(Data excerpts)

text \<open>Motzkin's alternative for slack signs: apply Gordan's alternative in
  \<open>\<real>\<^sup>n \<times> \<real>\<close> to \<open>(0, 1)\<close>, the vectors \<open>s\<^sub>i (u\<^sub>i, -b\<^sub>i)\<close> with \<open>s\<^sub>i \<noteq> 0\<close> and the vectors \<open>(u\<^sub>i, -b\<^sub>i)\<close> with
  \<open>s\<^sub>i = 0\<close>: a functional \<open>(x, \<tau>)\<close> of the first kind has \<open>\<tau> > 0\<close> and realizes \<open>s\<close> at \<open>x / \<tau>\<close>.\<close>

lemma unrealizable_imp_certificate:
  fixes u :: "'m::finite \<Rightarrow> real^'n::finite"
  assumes s: "\<And>i. s i \<in> {-1, 0, 1}" and unreal: "s \<notin> range (slack_signs u b)"
  obtains y where "certifies_unrealizable u b s y"
proof -
  define N where "N = {i. s i \<noteq> 0}"
  define A where "A = insert None (Some ` N)"
  define h :: "'m \<Rightarrow> (real^'n) \<times> real" where "h i = (u i, - b $ i)" for i
  define g :: "'m option \<Rightarrow> (real^'n) \<times> real"
    where "g j = (case j of None \<Rightarrow> (0, 1) | Some i \<Rightarrow> s i *\<^sub>R h i)" for j
  have sumA: "sum f A = f None + (\<Sum>i\<in>N. f (Some i))" for f :: "'m option \<Rightarrow> 'z::comm_monoid_add"
    by (auto simp: A_def sum.reindex)
  show ?thesis
  proof (rule positive_functional_or_convex_dependence[of A "{i. s i = 0}" g h])
    show "finite A" "A \<noteq> {}" "finite {i. s i = 0}" by (auto simp: A_def)
  next
    fix z assume pos: "\<forall>j\<in>A. 0 < z \<bullet> g j" and zero: "\<forall>i\<in>{i. s i = 0}. z \<bullet> h i = 0"
    obtain x \<tau> where z: "z = (x, \<tau>)" by (cases z)
    have "0 < \<tau>" using pos by (simp add: A_def g_def z)
    have "s = slack_signs u b ((1 / \<tau>) *\<^sub>R x)"
    proof
      fix i
      have "sgn (z \<bullet> h i) = s i"
      proof (cases "s i = 0")
        case False
        then have "0 < s i * (z \<bullet> h i)" using pos by (simp add: A_def N_def g_def)
        then show ?thesis using s[of i] by (auto simp: sgn_if zero_less_mult_iff)
      qed (use zero in simp)
      moreover have "u i \<bullet> ((1 / \<tau>) *\<^sub>R x) - b $ i = (z \<bullet> h i) / \<tau>"
        using \<open>0 < \<tau>\<close> by (simp add: z h_def inner_commute field_simps)
      ultimately show "s i = slack_signs u b ((1 / \<tau>) *\<^sub>R x) i"
        using \<open>0 < \<tau>\<close> by (simp add: slack_signs_def sgn_divide)
    qed
    then show ?thesis using unreal by blast
  next
    fix w \<mu> assume w: "\<forall>j\<in>A. 0 \<le> w j" "sum w A = 1"
      and comb: "(\<Sum>j\<in>A. w j *\<^sub>R g j) = (\<Sum>i\<in>{i. s i = 0}. \<mu> i *\<^sub>R h i)"
    have "0 \<le> w None" "\<And>i. s i \<noteq> 0 \<Longrightarrow> 0 \<le> w (Some i)"
      using w(1) by (auto simp: A_def N_def)
    moreover have "w None + (\<Sum>i | s i \<noteq> 0. w (Some i)) = 1" using w(2) by (simp add: sumA N_def)
    moreover have "(0, w None) + (\<Sum>i | s i \<noteq> 0. (w (Some i) * s i) *\<^sub>R h i)
        = (\<Sum>i | s i = 0. \<mu> i *\<^sub>R h i)"
      using comb by (simp add: sumA g_def N_def mult.commute)
    ultimately have "certifies_unrealizable u b s (\<chi> i. if s i \<noteq> 0 then w (Some i) * s i else - \<mu> i)"
      unfolding h_def by (rule certifies_unrealizable_of_convex_weights[OF s])
    then show ?thesis by (rule that)
  qed
qed

lemma slack_signs_range_subset:
  assumes cv: "\<forall>C. is_circuit u C \<longrightarrow> is_circuit_vector u C (cv C)"
    and signs: "\<forall>C. is_circuit u C \<longrightarrow> sgn (cv C \<bullet> a) = sgn (cv C \<bullet> b)"
  shows "range (slack_signs u a) \<subseteq> range (slack_signs u b)"
proof
  fix s assume sa: "s \<in> range (slack_signs u a)"
  show "s \<in> range (slack_signs u b)"
  proof (rule ccontr)
    assume "s \<notin> range (slack_signs u b)"
    moreover have "s i \<in> {-1, 0, 1}" for i using sa by (auto simp: slack_signs_def sgn_if split: if_splits)
    ultimately obtain y where "certifies_unrealizable u b s y"
      using unrealizable_imp_certificate by blast
    then obtain C t where C: "is_circuit u C" "certifies_unrealizable u b s (t *\<^sub>R cv C)"
      using certifies_unrealizable_circuit[OF cv] by blast
    have "sgn ((t *\<^sub>R cv C) \<bullet> a) = sgn ((t *\<^sub>R cv C) \<bullet> b)"
      using signs C(1) by (simp add: sgn_mult)
    then have "certifies_unrealizable u a s (t *\<^sub>R cv C)"
      using C(2) by (rule certifies_unrealizable_sgn_cong[rotated])
    then show False using sa by (simp add: certifies_unrealizable_imp_unrealizable)
  qed
qed

section \<open>Faces and normal cones of the polyhedra\<close>

definition admissible_signs :: "'m set \<Rightarrow> 'm set \<Rightarrow> 'm set \<Rightarrow> ('m \<Rightarrow> real) \<Rightarrow> bool" where
  "admissible_signs I J K \<sigma> \<longleftrightarrow> (\<forall>i\<in>I. \<sigma> i = 0) \<and> (\<forall>i\<in>J. \<sigma> i \<le> 0) \<and> (\<forall>i\<in>K. 0 \<le> \<sigma> i)"

lemma mem_polyP_iff_admissible: "x \<in> polyP u a I J K \<longleftrightarrow> admissible_signs I J K (slack_signs u a x)"
  by (simp add: polyP_def admissible_signs_def slack_signs_def sgn_le_0_iff sgn_zero_iff)

lemma slack_signs_eq_0_iff: "slack_signs u a x i = 0 \<longleftrightarrow> u i \<bullet> x = a $ i"
  by (simp add: slack_signs_def sgn_zero_iff)

definition tight_face :: "('m::finite \<Rightarrow> real^'n::finite) \<Rightarrow> real^'m \<Rightarrow>
    'm set \<Rightarrow> 'm set \<Rightarrow> 'm set \<Rightarrow> 'm set \<Rightarrow> (real^'n) set" where
  "tight_face u a I J K S = {x \<in> polyP u a I J K. \<forall>i\<in>S. u i \<bullet> x = a $ i}"

lemma convex_polyP: "convex (polyP u a I J K)"
proof -
  have "polyP u a I J K = (\<Inter>i\<in>I. {x. u i \<bullet> x = a $ i}) \<inter> (\<Inter>i\<in>J. {x. u i \<bullet> x \<le> a $ i})
      \<inter> (\<Inter>i\<in>K. {x. u i \<bullet> x \<ge> a $ i})" by (auto simp: polyP_def)
  then show ?thesis
    by (simp add: convex_Int convex_INT convex_hyperplane convex_halfspace_le convex_halfspace_ge)
qed

lemma tight_face_face_of:
  assumes part: "I \<union> J \<union> K = UNIV"
  shows "tight_face u a I J K S face_of polyP u a I J K"
proof (cases "S = {}")
  case True
  then show ?thesis by (simp add: tight_face_def face_of_refl convex_polyP)
next
  case False
  let ?P = "polyP u a I J K"
  have fi: "?P \<inter> {x. u i \<bullet> x = a $ i} face_of ?P" for i
  proof -
    have "i \<in> I \<or> i \<in> J \<or> i \<in> K" using part by auto
    then show ?thesis
    proof (elim disjE)
      assume "i \<in> I"
      then have "?P \<inter> {x. u i \<bullet> x = a $ i} = ?P" by (auto simp: polyP_def)
      then show ?thesis by (simp add: face_of_refl convex_polyP)
    next
      assume "i \<in> J"
      then show ?thesis by (intro face_of_Int_supporting_hyperplane_le convex_polyP) (auto simp: polyP_def)
    next
      assume "i \<in> K"
      then show ?thesis by (intro face_of_Int_supporting_hyperplane_ge convex_polyP) (auto simp: polyP_def)
    qed
  qed
  have "tight_face u a I J K S = \<Inter>((\<lambda>i. ?P \<inter> {x. u i \<bullet> x = a $ i}) ` S)"
    using False by (auto simp: tight_face_def)
  also have "\<dots> face_of ?P" by (rule face_of_Inter) (use False fi in auto)
  finally show ?thesis .
qed

lemma eventually_add_mult_le:
  fixes c r t :: real
  assumes "c \<le> r" "c = r \<Longrightarrow> t \<le> 0"
  shows "\<forall>\<^sub>F e in at_right 0. c + e * t \<le> r"
proof (cases "c = r")
  case True
  show ?thesis
    by (rule eventually_mono[OF eventually_at_right_less]) (use True assms(2) in \<open>simp add: mult_nonneg_nonpos\<close>)
next
  case False
  then have "c < r" using assms(1) by simp
  have "((\<lambda>e. c + e * t) \<longlongrightarrow> c + 0 * t) (at_right 0)" by (intro tendsto_intros)
  then have "((\<lambda>e. c + e * t) \<longlongrightarrow> c) (at_right 0)" by simp
  from order_tendstoD(2)[OF this \<open>c < r\<close>] show ?thesis by (rule eventually_mono) simp
qed

lemma eventually_add_mult_ge:
  fixes c r t :: real
  assumes "r \<le> c" "c = r \<Longrightarrow> 0 \<le> t"
  shows "\<forall>\<^sub>F e in at_right 0. r \<le> c + e * t"
proof -
  have "\<forall>\<^sub>F e in at_right 0. (-c) + e * (-t) \<le> -r" by (rule eventually_add_mult_le) (use assms in auto)
  then show ?thesis by (rule eventually_mono) simp
qed

lemma polyP_add_small_multiple:
  assumes x: "x \<in> polyP u a I J K"
    and dI: "\<forall>i\<in>I. u i \<bullet> d = 0"
    and dJ: "\<forall>i\<in>J. u i \<bullet> x = a $ i \<longrightarrow> u i \<bullet> d \<le> 0"
    and dK: "\<forall>i\<in>K. u i \<bullet> x = a $ i \<longrightarrow> u i \<bullet> d \<ge> 0"
  shows "\<exists>e>0. x + e *\<^sub>R d \<in> polyP u a I J K"
proof -
  define ok where "ok e i \<longleftrightarrow> (i \<in> I \<longrightarrow> u i \<bullet> x + e * (u i \<bullet> d) = a $ i)
    \<and> (i \<in> J \<longrightarrow> u i \<bullet> x + e * (u i \<bullet> d) \<le> a $ i)
    \<and> (i \<in> K \<longrightarrow> a $ i \<le> u i \<bullet> x + e * (u i \<bullet> d))" for e i
  have "\<forall>\<^sub>F e in at_right 0. ok e i" for i
    unfolding ok_def
  proof (intro eventually_conj)
    show "\<forall>\<^sub>F e in at_right 0. i \<in> I \<longrightarrow> u i \<bullet> x + e * (u i \<bullet> d) = a $ i"
      by (rule always_eventually) (use x dI in \<open>auto simp: polyP_def\<close>)
    show "\<forall>\<^sub>F e in at_right 0. i \<in> J \<longrightarrow> u i \<bullet> x + e * (u i \<bullet> d) \<le> a $ i"
      using eventually_add_mult_le[of "u i \<bullet> x" "a $ i" "u i \<bullet> d"] x dJ
      by (cases "i \<in> J") (auto simp: polyP_def)
    show "\<forall>\<^sub>F e in at_right 0. i \<in> K \<longrightarrow> a $ i \<le> u i \<bullet> x + e * (u i \<bullet> d)"
      using eventually_add_mult_ge[of "a $ i" "u i \<bullet> x" "u i \<bullet> d"] x dK
      by (cases "i \<in> K") (auto simp: polyP_def)
  qed
  then have "\<forall>\<^sub>F e in at_right 0. 0 < e \<and> (\<forall>i. ok e i)"
    by (intro eventually_conj eventually_at_right_less eventually_all_finite)
  then obtain e where "0 < e" "\<forall>i. ok e i"
    using eventually_happens'[of "at_right (0::real)"] by auto
  then show ?thesis by (intro exI[of _ e]) (simp add: ok_def polyP_def inner_add_right)
qed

YOUR OBJECTIVE
Set down precisely the lines above between the line holding "vectors \<open>(u\<^sub>i, -b\<^sub>i)\<close> with" and the line holding "of None \<Rightarrow>", inclusive, and nothing beyond them.

RESPONSE TO THE EXERCISE
  \<open>\<real>\<^sup>n \<times> \<real>\<close> to \<open>(0, 1)\<close>, the vectors \<open>s\<^sub>i (u\<^sub>i, -b\<^sub>i)\<close> with \<open>s\<^sub>i \<noteq> 0\<close> and the vectors \<open>(u\<^sub>i, -b\<^sub>i)\<close> with
  \<open>s\<^sub>i = 0\<close>: a functional \<open>(x, \<tau>)\<close> of the first kind has \<open>\<tau> > 0\<close> and realizes \<open>s\<close> at \<open>x / \<tau>\<close>.\<close>

lemma unrealizable_imp_certificate:
  fixes u :: "'m::finite \<Rightarrow> real^'n::finite"
  assumes s: "\<And>i. s i \<in> {-1, 0, 1}" and unreal: "s \<notin> range (slack_signs u b)"
  obtains y where "certifies_unrealizable u b s y"
proof -
  define N where "N = {i. s i \<noteq> 0}"
  define A where "A = insert None (Some ` N)"
  define h :: "'m \<Rightarrow> (real^'n) \<times> real" where "h i = (u i, - b $ i)" for i
  define g :: "'m option \<Rightarrow> (real^'n) \<times> real"
    where "g j = (case j of None \<Rightarrow> (0, 1) | Some i \<Rightarrow> s i *\<^sub>R h i)" for j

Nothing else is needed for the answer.